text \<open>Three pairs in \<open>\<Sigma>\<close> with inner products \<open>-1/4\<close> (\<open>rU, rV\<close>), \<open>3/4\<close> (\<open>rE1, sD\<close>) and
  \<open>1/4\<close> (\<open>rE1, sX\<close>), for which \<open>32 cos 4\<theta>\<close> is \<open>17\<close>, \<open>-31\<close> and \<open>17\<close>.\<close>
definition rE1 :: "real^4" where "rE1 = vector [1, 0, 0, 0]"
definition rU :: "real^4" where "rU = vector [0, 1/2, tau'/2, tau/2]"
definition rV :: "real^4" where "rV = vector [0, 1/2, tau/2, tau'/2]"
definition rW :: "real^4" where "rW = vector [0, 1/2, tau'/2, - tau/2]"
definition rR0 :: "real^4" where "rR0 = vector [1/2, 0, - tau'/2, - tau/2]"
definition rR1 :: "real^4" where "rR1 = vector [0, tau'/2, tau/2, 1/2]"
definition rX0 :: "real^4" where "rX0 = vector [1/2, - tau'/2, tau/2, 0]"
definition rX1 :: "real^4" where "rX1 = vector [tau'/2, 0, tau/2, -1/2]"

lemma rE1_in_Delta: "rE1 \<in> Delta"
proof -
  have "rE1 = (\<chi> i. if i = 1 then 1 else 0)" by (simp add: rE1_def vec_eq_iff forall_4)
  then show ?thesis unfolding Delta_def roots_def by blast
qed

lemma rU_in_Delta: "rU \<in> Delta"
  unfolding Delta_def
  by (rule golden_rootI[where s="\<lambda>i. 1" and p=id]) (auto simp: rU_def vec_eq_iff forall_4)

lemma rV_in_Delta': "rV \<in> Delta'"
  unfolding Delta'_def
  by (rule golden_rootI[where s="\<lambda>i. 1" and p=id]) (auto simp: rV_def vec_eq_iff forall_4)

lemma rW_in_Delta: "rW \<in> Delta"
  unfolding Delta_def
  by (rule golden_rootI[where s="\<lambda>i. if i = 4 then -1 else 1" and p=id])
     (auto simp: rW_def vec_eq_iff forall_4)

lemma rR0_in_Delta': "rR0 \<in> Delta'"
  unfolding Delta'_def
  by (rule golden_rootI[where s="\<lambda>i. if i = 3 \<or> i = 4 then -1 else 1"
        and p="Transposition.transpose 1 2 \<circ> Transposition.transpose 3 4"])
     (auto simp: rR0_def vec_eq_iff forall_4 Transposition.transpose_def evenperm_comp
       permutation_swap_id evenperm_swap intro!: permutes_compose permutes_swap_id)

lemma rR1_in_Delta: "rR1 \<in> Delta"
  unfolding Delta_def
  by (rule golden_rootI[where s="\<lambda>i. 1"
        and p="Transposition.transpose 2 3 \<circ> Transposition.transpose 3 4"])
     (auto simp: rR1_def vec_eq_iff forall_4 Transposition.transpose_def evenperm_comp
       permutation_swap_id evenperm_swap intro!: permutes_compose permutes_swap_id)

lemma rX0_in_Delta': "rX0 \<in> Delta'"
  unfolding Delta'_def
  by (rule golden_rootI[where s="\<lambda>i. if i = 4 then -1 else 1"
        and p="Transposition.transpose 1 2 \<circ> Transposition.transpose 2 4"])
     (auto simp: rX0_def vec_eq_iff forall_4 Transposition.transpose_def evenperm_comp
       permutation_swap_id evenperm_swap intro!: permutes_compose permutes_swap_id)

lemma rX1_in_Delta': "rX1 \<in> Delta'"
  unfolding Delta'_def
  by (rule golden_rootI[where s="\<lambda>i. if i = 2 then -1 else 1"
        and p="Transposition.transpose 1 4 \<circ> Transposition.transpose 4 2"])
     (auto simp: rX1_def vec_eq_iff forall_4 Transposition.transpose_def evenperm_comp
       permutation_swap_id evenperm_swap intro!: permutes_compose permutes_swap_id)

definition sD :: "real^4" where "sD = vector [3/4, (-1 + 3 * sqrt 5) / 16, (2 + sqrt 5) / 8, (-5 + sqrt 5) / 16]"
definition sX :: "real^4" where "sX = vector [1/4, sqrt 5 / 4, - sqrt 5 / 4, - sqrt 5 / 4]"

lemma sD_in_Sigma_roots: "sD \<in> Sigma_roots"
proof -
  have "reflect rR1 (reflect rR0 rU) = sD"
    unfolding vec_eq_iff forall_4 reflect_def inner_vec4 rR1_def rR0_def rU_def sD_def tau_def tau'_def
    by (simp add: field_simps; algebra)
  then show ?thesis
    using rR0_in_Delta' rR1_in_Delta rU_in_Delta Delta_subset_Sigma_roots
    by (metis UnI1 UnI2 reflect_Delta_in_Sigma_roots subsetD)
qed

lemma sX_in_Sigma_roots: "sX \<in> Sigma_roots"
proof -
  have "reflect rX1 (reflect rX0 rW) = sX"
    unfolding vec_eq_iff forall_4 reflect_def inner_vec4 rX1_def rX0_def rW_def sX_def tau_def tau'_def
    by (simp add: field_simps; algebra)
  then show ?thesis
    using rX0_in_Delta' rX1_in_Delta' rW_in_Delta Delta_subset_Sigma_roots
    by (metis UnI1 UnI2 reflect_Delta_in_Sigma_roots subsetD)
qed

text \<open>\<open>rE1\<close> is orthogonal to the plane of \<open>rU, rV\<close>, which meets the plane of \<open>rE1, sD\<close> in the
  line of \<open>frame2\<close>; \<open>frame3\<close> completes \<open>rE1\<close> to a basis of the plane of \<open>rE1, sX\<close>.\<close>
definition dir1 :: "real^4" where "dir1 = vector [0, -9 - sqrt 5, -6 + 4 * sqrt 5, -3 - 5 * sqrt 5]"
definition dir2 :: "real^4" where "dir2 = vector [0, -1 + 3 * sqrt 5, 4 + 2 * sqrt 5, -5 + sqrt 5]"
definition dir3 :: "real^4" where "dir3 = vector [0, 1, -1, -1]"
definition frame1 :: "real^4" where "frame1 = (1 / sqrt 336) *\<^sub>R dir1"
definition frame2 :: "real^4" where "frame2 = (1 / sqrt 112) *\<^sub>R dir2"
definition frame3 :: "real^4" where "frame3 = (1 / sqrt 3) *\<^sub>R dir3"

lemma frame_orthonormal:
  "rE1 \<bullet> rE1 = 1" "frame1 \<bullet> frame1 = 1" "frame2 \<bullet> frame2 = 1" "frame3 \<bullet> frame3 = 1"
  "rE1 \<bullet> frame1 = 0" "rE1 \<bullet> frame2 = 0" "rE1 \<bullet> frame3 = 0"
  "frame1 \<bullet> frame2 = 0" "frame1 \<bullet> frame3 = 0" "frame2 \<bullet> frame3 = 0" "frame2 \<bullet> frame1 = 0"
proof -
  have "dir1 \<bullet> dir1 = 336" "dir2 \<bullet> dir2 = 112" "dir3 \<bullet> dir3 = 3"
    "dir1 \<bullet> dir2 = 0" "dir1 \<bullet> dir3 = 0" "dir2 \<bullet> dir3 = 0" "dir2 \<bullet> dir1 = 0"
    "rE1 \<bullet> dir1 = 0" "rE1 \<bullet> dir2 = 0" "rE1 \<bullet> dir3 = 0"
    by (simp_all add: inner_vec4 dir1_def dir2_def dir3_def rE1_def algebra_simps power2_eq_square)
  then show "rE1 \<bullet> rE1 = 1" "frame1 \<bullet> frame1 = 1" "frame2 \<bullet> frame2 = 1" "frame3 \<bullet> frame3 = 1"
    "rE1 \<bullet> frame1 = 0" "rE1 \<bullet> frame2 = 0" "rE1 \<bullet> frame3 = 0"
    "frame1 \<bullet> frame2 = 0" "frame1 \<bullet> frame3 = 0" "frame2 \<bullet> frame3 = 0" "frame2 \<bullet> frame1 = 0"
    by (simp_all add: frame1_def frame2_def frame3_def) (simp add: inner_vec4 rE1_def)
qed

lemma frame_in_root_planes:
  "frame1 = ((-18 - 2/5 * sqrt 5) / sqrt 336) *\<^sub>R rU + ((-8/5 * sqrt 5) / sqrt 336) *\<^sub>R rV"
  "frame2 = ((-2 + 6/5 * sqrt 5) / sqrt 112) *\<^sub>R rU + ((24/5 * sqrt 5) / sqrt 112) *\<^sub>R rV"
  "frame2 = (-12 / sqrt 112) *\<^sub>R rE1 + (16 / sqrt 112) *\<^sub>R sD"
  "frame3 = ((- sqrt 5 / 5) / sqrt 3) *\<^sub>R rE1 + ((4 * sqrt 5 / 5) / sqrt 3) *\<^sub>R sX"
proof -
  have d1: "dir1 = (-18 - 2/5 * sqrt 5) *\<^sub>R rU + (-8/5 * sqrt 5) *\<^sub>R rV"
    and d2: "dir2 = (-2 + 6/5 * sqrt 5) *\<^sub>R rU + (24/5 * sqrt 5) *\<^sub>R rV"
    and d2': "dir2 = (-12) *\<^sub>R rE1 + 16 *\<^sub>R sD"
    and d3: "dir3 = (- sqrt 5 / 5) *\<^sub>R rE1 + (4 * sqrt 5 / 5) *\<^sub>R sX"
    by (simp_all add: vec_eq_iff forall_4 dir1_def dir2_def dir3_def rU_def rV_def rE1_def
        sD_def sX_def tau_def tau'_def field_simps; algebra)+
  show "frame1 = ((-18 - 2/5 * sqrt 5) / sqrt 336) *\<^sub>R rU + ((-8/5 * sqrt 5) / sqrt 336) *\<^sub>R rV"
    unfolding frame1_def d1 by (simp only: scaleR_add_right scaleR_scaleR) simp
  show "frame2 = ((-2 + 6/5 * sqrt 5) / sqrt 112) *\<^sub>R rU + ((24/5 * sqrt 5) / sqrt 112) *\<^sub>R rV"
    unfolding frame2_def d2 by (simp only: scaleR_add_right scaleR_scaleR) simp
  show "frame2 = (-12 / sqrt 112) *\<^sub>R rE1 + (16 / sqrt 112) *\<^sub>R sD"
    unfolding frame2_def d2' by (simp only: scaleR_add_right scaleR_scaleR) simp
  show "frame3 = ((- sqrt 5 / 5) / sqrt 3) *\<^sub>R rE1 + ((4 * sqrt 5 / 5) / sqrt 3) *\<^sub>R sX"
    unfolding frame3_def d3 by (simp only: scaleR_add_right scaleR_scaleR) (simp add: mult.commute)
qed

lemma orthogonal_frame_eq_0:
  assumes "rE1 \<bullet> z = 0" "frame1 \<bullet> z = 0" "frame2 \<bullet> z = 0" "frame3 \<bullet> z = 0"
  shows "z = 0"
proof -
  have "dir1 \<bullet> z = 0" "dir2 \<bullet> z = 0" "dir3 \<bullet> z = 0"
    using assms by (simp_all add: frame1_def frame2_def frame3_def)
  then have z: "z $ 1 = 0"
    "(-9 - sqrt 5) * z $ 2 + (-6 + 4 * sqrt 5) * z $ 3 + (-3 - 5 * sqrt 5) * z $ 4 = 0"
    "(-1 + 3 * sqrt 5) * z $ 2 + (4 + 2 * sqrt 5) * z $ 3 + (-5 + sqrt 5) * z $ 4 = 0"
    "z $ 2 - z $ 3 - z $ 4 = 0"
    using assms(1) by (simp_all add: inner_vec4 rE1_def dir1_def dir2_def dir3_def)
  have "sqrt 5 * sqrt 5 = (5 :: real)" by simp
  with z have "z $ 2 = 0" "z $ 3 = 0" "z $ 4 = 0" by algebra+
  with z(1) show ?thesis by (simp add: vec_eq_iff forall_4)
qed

## Your objective
Say how many lines in the records contain the string "with", and say nothing else.

## Solution to the problem
3